_THE PROBLEM_.
Would it be possible to copy exactly the lines from the one containing "theory Defs" to the end of the entries, including both and nothing else?

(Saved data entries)
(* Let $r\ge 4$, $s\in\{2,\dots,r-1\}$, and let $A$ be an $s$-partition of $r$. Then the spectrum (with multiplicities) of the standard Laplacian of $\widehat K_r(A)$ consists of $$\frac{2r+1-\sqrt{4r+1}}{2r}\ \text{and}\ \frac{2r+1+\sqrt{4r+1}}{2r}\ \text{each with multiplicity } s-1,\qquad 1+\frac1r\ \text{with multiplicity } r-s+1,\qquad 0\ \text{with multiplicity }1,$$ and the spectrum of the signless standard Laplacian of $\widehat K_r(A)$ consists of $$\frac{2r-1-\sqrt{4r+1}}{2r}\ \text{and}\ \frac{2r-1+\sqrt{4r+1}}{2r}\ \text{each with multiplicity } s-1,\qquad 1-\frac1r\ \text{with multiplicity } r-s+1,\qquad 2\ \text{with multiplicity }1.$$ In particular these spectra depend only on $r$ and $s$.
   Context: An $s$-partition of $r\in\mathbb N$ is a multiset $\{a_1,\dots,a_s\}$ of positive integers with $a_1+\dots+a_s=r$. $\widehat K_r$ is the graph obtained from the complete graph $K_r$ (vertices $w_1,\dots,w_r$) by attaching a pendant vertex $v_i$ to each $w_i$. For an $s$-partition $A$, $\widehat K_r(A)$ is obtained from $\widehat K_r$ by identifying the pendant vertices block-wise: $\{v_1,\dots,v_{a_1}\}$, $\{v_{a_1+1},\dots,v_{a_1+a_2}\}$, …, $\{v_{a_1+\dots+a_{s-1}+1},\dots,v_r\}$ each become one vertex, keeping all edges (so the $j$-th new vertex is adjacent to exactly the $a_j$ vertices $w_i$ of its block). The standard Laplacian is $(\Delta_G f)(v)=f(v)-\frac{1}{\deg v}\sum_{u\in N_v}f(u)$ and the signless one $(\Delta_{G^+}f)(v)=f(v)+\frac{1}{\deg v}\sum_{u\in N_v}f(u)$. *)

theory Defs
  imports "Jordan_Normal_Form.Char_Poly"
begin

_RESPONSE_.
theory Defs
  imports "Jordan_Normal_Form.Char_Poly"
begin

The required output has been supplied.